Item 8.01 Other Events
Compass Group Diversified Holdings LLC (the “Company”) and Compass Diversified Holdings (“Holdings” and, together with the Company, collectively “CODI,” “us” or “we”) acquires and manages small to middle market businesses in the ordinary course of its business. The following description relates to the recent acquisition of one such business.
Marucci Sports, LLC
On March 6, 2020, the Company, through a wholly owned subsidiary, Wheelhouse Holdings Inc., a Delaware Corporation (“Buyer”), entered into an Agreement and Plan of Merger (the “Merger Agreement”) with Marucci Sports, LLC, a Delaware limited liability company (“Marucci”), Wheelhouse Holdings Merger Sub LLC, a Delaware limited liability company and a wholly owned Subsidiary of Buyer (“Merger Sub”), and, Wheelhouse 2020 LLC, (in its capacity as the representative of the unit holders and option holders of Marucci), pursuant to which Merger Sub will be merged with and into Marucci (the “Merger”) such that the separate existence of Merger Sub will cease, and Marucci will survive the Merger as a subsidiary of Buyer. The Buyer, via the Merger, will acquire Marucci for $200 million in cash, subject to certain adjustments based on matters such as the working capital and indebtedness balances at the time of the closing.
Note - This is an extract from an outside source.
(* Consider the resilient constrained consensus algorithm described in the context, with at most $f$ Byzantine agents. Suppose $\mathcal X=\bigcap_{i\in\mathcal H}\mathcal X_i=\{x^*\}$ is a singleton, and suppose the set of normal agents $\mathcal H$ is $k$-redundant. Suppose there is a constant $\mu>0$ such that for every $x\in\mathbb R^m$ and every $\mathcal S\subseteq\mathcal H$ with $|\mathcal S|\ge n-k$, $$\max_{i\in\mathcal S}\mathrm{dist}(x,\mathcal X_i)\ \ge\ \mu\,\mathrm{dist}\Big(x,\bigcap_{i\in\mathcal S}\mathcal X_i\Big).$$ If $k>\frac{4f}{\mu^2}+2f-1$ and $0<\alpha<\frac{\mu^2k-2f\mu^2-4f+\mu^2}{4|\mathcal H|^3}$, then there is a constant $\rho\in(0,1)$ such that for all $t\ge 0$ $$\sum_{i\in\mathcal H}\|x_i(t)-x^*\|^2\le\rho^t\sum_{i\in\mathcal H}\|x_i(0)-x^*\|^2.$$
   Context: Setting: There are $n$ agents $\mathcal N=\{1,\dots,n\}$, and every agent can communicate with every other agent (complete graph). An integer $f\ge 0$ is known to all agents. The agents are partitioned into normal agents $\mathcal H$ and Byzantine agents $\mathcal F$ with $|\mathcal F|\le f$, so $|\mathcal H|\ge n-f$. Each normal agent $i\in\mathcal H$ has a nonempty closed convex set $\mathcal X_i\subseteq\mathbb R^m$. Each normal agent's state is constrained to lie in $\mathcal X_i$; in particular $x_i(0)\in\mathcal X_i$. Algorithm (discrete time $t=0,1,2,\dots$): each normal agent $i$ has a state $x_i(t)\in\mathbb R^m$. At time $t$, agent $i$ receives a vector $x_{ji}(t)$ from each $j\in\mathcal N\setminus\{i\}$. If $j\in\mathcal H$, then $x_{ji}(t)=x_j(t)$. If $j\in\mathcal F$, then $x_{ji}(t)$ is arbitrary and may differ for different recipients. Agent $i$ discards the $f$ received vectors with the largest distance $\|x_i(t)-x_{ji}(t)\|$, with ties broken arbitrarily. Let $\mathcal M_i(t)\subseteq\mathcal N\setminus\{i\}$ be the set of the remaining $n-f-1$ senders. The update is $$x_i(t+1)=\mathrm P_{\mathcal X_i}\Big[x_i(t)+\alpha\sum_{j\in\mathcal M_i(t)}(x_{ji}(t)-x_i(t))\Big],$$ with $\alpha>0$ and $\mathrm P_{\mathcal C}$ the Euclidean projection onto $\mathcal C$. Definitions: $\mathrm{dist}(x,\mathcal C)=\|x-\mathrm P_{\mathcal C}[x]\|$. $\mathcal H$ is $k$-redundant if for every $\mathcal S\subseteq\mathcal H$ with $|\mathcal S|\ge n-k$ we have $\bigcap_{i\in\mathcal S}\mathcal X_i=\bigcap_{i\in\mathcal H}\mathcal X_i$. *)

theory Defs
  imports "HOL-Analysis.Analysis"
begin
The Company expects to fund the purchase price through a draw on its revolving credit facility. The Company's initial equity ownership in Marucci is expected to be approximately 95%, as certain existing stakeholders in Marucci will also invest in the transaction alongside the Company.
Headquartered in Baton Rouge, Louisiana, Marucci is a leading manufacturer and distributor of baseball and softball equipment. Founded in 2009, Marucci currently employs 230 employees across its brands and its product portfolio includes wood and metal bats, apparel and accessories, batting and fielding gloves and bags and protective gear. Over the past decade, hundreds of Big League players have selected Marucci products, making Marucci the most popular bats in baseball. Marucci achieved approximately $14 - $15 million of adjusted EBITDA for the trailing twelve month period ending December 31, 2019. The Company estimates capital expenditures for the year ended December 31, 2020 subsequent to the closing to be less than $1 million.
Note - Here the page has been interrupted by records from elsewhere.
definition connected_to ::
  "(nat \<Rightarrow> 'e set) \<Rightarrow> ('e \<Rightarrow> 'v) \<Rightarrow> ('e \<Rightarrow> 'v) \<Rightarrow> nat \<Rightarrow> nat \<Rightarrow> 'v \<Rightarrow> 'v \<Rightarrow> bool" where
  "connected_to E s r n m v w \<longleftrightarrow> n < m \<and> paths_between E s r n m v w \<noteq> {}"

text \<open>Vi n i is the set V^n_i (meaningful for n \<ge> 1 and 1 \<le> i \<le> k).\<close>
definition k_simple ::
  "(nat \<Rightarrow> 'v set) \<Rightarrow> (nat \<Rightarrow> 'e set) \<Rightarrow> ('e \<Rightarrow> 'v) \<Rightarrow> ('e \<Rightarrow> 'v) \<Rightarrow> nat \<Rightarrow> (nat \<Rightarrow> nat \<Rightarrow> 'v set) \<Rightarrow> bool" where
  "k_simple V E s r k Vi \<longleftrightarrow>
     (\<forall>n\<ge>1. \<forall>i\<in>{1..k}. Vi n i \<subseteq> V n) \<and>
     (\<forall>n\<ge>1. \<forall>i\<in>{1..k}. \<forall>j\<in>{1..k}. i \<noteq> j \<longrightarrow> Vi n i \<inter> Vi n j = {}) \<and>
     (\<forall>n\<ge>1. \<forall>i\<in>{1..k}. \<forall>v\<in>Vi (Suc n) i. s ` {e \<in> E n. r e = v} \<subseteq> Vi n i) \<and>
     (\<forall>n\<ge>1. \<forall>i\<in>{1..k}. \<exists>m>n. \<forall>w\<in>Vi m i. \<forall>v\<in>Vi n i. connected_to E s r n m v w)"

definition Vo :: "(nat \<Rightarrow> 'v set) \<Rightarrow> nat \<Rightarrow> (nat \<Rightarrow> nat \<Rightarrow> 'v set) \<Rightarrow> nat \<Rightarrow> 'v set" where
  "Vo V k Vi n = V n - (\<Union>i\<in>{1..k}. Vi n i)"

definition non_elementary ::
  "(nat \<Rightarrow> 'v set) \<Rightarrow> (nat \<Rightarrow> 'e set) \<Rightarrow> ('e \<Rightarrow> 'v) \<Rightarrow> ('e \<Rightarrow> 'v) \<Rightarrow> nat \<Rightarrow> (nat \<Rightarrow> nat \<Rightarrow> 'v set) \<Rightarrow> bool" where
  "non_elementary V E s r k Vi \<longleftrightarrow>
     (\<forall>n\<ge>1. \<exists>m>n. \<forall>v\<in>Vo V k Vi n. \<forall>w\<in>Vo V k Vi m.
        card (paths_between E s r n m v w) = 0 \<or> card (paths_between E s r n m v w) \<ge> 2)"

text \<open>The order is a relation ord (pairs (e,e') meaning e < e') that relates only edges with a
  common range and is a strict linear order on each r^{-1}(v).\<close>
definition ordered_diagram ::
  "(nat \<Rightarrow> 'v set) \<Rightarrow> (nat \<Rightarrow> 'e set) \<Rightarrow> ('e \<Rightarrow> 'v) \<Rightarrow> ('e \<times> 'e) set \<Rightarrow> bool" where
  "ordered_diagram V E r ord \<longleftrightarrow>
     ord \<subseteq> {(a,b). \<exists>n. a \<in> E n \<and> b \<in> E n \<and> r a = r b} \<and>
     (\<forall>n. \<forall>v\<in>V (Suc n). strict_linear_order_on {e \<in> E n. r e = v} ord) \<and>
     trans ord \<and> irrefl ord"

text \<open>Lexicographic order on finite paths with common range: compare at the highest edge
  where they differ.\<close>
definition lexless :: "('e \<times> 'e) set \<Rightarrow> 'e list \<Rightarrow> 'e list \<Rightarrow> bool" where
  "lexless ord p q \<longleftrightarrow> length p = length q \<and>
     (\<exists>j<length p. (p!j, q!j) \<in> ord \<and> (\<forall>i. j < i \<and> i < length p \<longrightarrow> p!i = q!i))"

definition lex_succ :: "('e \<times> 'e) set \<Rightarrow> 'e list set \<Rightarrow> 'e list \<Rightarrow> 'e list \<Rightarrow> bool" where
  "lex_succ ord P p q \<longleftrightarrow> p \<in> P \<and> q \<in> P \<and> lexless ord p q \<and>
     \<not> (\<exists>t\<in>P. lexless ord p t \<and> lexless ord t q)"

definition is_max_in :: "('e \<times> 'e) set \<Rightarrow> 'e list set \<Rightarrow> 'e list \<Rightarrow> bool" where
  "is_max_in ord P p \<longleftrightarrow> p \<in> P \<and> (\<forall>q\<in>P. q \<noteq> p \<longrightarrow> lexless ord q p)"

definition is_min_in :: "('e \<times> 'e) set \<Rightarrow> 'e list set \<Rightarrow> 'e list \<Rightarrow> bool" where
  "is_min_in ord P p \<longleftrightarrow> p \<in> P \<and> (\<forall>q\<in>P. q \<noteq> p \<longrightarrow> lexless ord p q)"

definition emax :: "(nat \<Rightarrow> 'e set) \<Rightarrow> ('e \<Rightarrow> 'v) \<Rightarrow> ('e \<times> 'e) set \<Rightarrow> nat \<Rightarrow> 'e \<Rightarrow> bool" where
  "emax E r ord n e \<longleftrightarrow> e \<in> E n \<and> (\<forall>e'\<in>E n. r e' = r e \<longrightarrow> (e, e') \<notin> ord)"

definition emin :: "(nat \<Rightarrow> 'e set) \<Rightarrow> ('e \<Rightarrow> 'v) \<Rightarrow> ('e \<times> 'e) set \<Rightarrow> nat \<Rightarrow> 'e \<Rightarrow> bool" where
  "emin E r ord n e \<longleftrightarrow> e \<in> E n \<and> (\<forall>e'\<in>E n. r e' = r e \<longrightarrow> (e', e) \<notin> ord)"

definition esucc :: "(nat \<Rightarrow> 'e set) \<Rightarrow> ('e \<Rightarrow> 'v) \<Rightarrow> ('e \<times> 'e) set \<Rightarrow> nat \<Rightarrow> 'e \<Rightarrow> 'e" where
  "esucc E r ord n e = (THE e'. e' \<in> E n \<and> r e' = r e \<and> (e, e') \<in> ord \<and>
      (\<forall>e''\<in>E n. r e'' = r e \<and> (e, e'') \<in> ord \<longrightarrow> e'' = e' \<or> (e', e'') \<in> ord))"

definition m_plus ::
  "(nat \<Rightarrow> 'e set) \<Rightarrow> ('e \<Rightarrow> 'v) \<Rightarrow> ('e \<Rightarrow> 'v) \<Rightarrow> ('e \<times> 'e) set \<Rightarrow> 'v \<Rightarrow> (nat \<Rightarrow> nat \<Rightarrow> 'v set)
     \<Rightarrow> nat \<Rightarrow> 'v \<Rightarrow> nat \<Rightarrow> bool" where
  "m_plus E s r ord v0 Vi n v i \<longleftrightarrow>
     (\<exists>p. is_max_in ord (paths_between E s r 0 n v0 v) p \<and> r (p!0) \<in> Vi 1 i)"

definition m_minus ::
  "(nat \<Rightarrow> 'e set) \<Rightarrow> ('e \<Rightarrow> 'v) \<Rightarrow> ('e \<Rightarrow> 'v) \<Rightarrow> ('e \<times> 'e) set \<Rightarrow> 'v \<Rightarrow> (nat \<Rightarrow> nat \<Rightarrow> 'v set)
     \<Rightarrow> nat \<Rightarrow> 'v \<Rightarrow> nat \<Rightarrow> bool" where
  "m_minus E s r ord v0 Vi n v i \<longleftrightarrow>
     (\<exists>p. is_min_in ord (paths_between E s r 0 n v0 v) p \<and> r (p!0) \<in> Vi 1 i)"

definition XB :: "(nat \<Rightarrow> 'e set) \<Rightarrow> ('e \<Rightarrow> 'v) \<Rightarrow> ('e \<Rightarrow> 'v) \<Rightarrow> (nat \<Rightarrow> 'e) set" where
  "XB E s r = {x. \<forall>n. x n \<in> E n \<and> r (x n) = s (x (Suc n))}"

definition Xmax :: "(nat \<Rightarrow> 'e set) \<Rightarrow> ('e \<Rightarrow> 'v) \<Rightarrow> ('e \<Rightarrow> 'v) \<Rightarrow> ('e \<times> 'e) set \<Rightarrow> (nat \<Rightarrow> 'e) set" where
  "Xmax E s r ord = {x \<in> XB E s r. \<forall>n. emax E r ord n (x n)}"

definition Xmin :: "(nat \<Rightarrow> 'e set) \<Rightarrow> ('e \<Rightarrow> 'v) \<Rightarrow> ('e \<Rightarrow> 'v) \<Rightarrow> ('e \<times> 'e) set \<Rightarrow> (nat \<Rightarrow> 'e) set" where
  "Xmin E s r ord = {x \<in> XB E s r. \<forall>n. emin E r ord n (x n)}"

definition cylinders :: "(nat \<Rightarrow> 'e set) \<Rightarrow> ('e \<Rightarrow> 'v) \<Rightarrow> ('e \<Rightarrow> 'v) \<Rightarrow> (nat \<Rightarrow> 'e) set set" where
  "cylinders E s r = {{x \<in> XB E s r. \<forall>j<length c. x j = c!j} | c. True}"

definition XB_topology :: "(nat \<Rightarrow> 'e set) \<Rightarrow> ('e \<Rightarrow> 'v) \<Rightarrow> ('e \<Rightarrow> 'v) \<Rightarrow> (nat \<Rightarrow> 'e) topology" where
  "XB_topology E s r = topology_generated_by (cylinders E s r)"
The Merger Agreement contains customary representations, warranties and covenants. The Merger Agreement also provides certain indemnification rights and, at closing, Buyer will have obtained representation and warranty insurance which will provide coverage for breaches of certain representation and warranties contained in the Merger Agreement, subject to deductibles and certain other terms and conditions. Concurrently with the execution of the Merger Agreement, the Company executed and delivered a guaranty to Marucci guaranteeing Buyer’s obligations under the Merger Agreement.
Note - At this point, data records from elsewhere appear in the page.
lemma priestley_exists_minimal_below:
  assumes P: "priestley_space X le" and F: "closedin X F" and z: "z \<in> F"
  shows "\<exists>m\<in>minimals le F. le m z"
proof -
  have po: "partial_order_in (topspace X) le"
    using P by (rule priestley_space_imp_partial_order)
  have FX: "F \<subseteq> topspace X"
    using F closedin_subset by auto
  define S where "S = {a \<in> F. le a z}"
  have S_eq: "S = F \<inter> {y \<in> topspace X. le y z}"
    unfolding S_def using FX by auto
  have SX: "S \<subseteq> topspace X" and zS: "z \<in> S"
    using FX z partial_order_in_refl[OF po] unfolding S_def by auto
  have S_closed: "closedin X S"
    unfolding S_eq using F priestley_closedin_principal_downset[OF P] z FX by blast
  have "\<exists>m\<in>S. \<forall>a\<in>S. le a m \<longrightarrow> a = m"
  proof (rule predicate_Zorn)
    show "partial_order_on S (relation_of (\<lambda>a b. le b a) S)"
    proof (rule partial_order_on_relation_ofI)
      fix a b c assume "a \<in> S" "b \<in> S" "c \<in> S"
      with SX show "le a a" and "le b a \<Longrightarrow> le c b \<Longrightarrow> le c a" and "le b a \<Longrightarrow> le a b \<Longrightarrow> a = b"
        using partial_order_inD[OF po] by blast+
    qed
  next
    fix C assume "C \<in> Chains (relation_of (\<lambda>a b. le b a) S)"
    then have "C \<subseteq> S" "\<And>a b. a \<in> C \<Longrightarrow> b \<in> C \<Longrightarrow> le a b \<or> le b a"
      unfolding Chains_def relation_of_def by auto
    then show "\<exists>u\<in>S. \<forall>a\<in>C. le u a"
      using priestley_chain_has_lower_bound[OF P S_closed] zS by (cases "C = {}") blast+
  qed
  then obtain m where m: "m \<in> S" "\<forall>a\<in>S. le a m \<longrightarrow> a = m"
    by blast
  have "a = m" if "a \<in> F" "le a m" for a
  proof -
    have "le a z"
      using that m(1) FX z partial_order_in_trans[OF po] unfolding S_def by blast
    then show ?thesis
      using that m unfolding S_def by blast
  qed
  then have "m \<in> minimals le F"
    using m(1) unfolding minimals_def S_def by blast
  then show ?thesis
    using m(1) unfolding S_def by auto
qed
Each party’s obligation to consummate the Merger Agreement is subject to certain conditions, including, but not limited to (i) subject to certain exceptions, the accuracy of the representations and warranties of the other party, (ii) performance in all material respects by the other party of its covenants and agreements, (iii) the absence of any law or order issued by any governmental authority preventing consummation of the Merger and (iv) the expiration or termination of all applicable waiting periods under the Hart-Scott-Rodino Antitrust Improvements Act of 1976, as amended. The Merger is expected to close within the next 45 days, but there can be no assurances that all of the conditions to closing will be satisfied.
The foregoing brief description of the Merger Agreement is not meant to be exhaustive and is qualified in its entirety by the Merger Agreement itself, which is attached hereto as Exhibit 99.1 to this Current Report on Form 8-K.
On March 9, 2020, the Company issued a Press Release announcing the execution of the Merger Agreement. A copy of the Press Release is filed as Exhibit 99.2 to this Current Report on Form 8-K.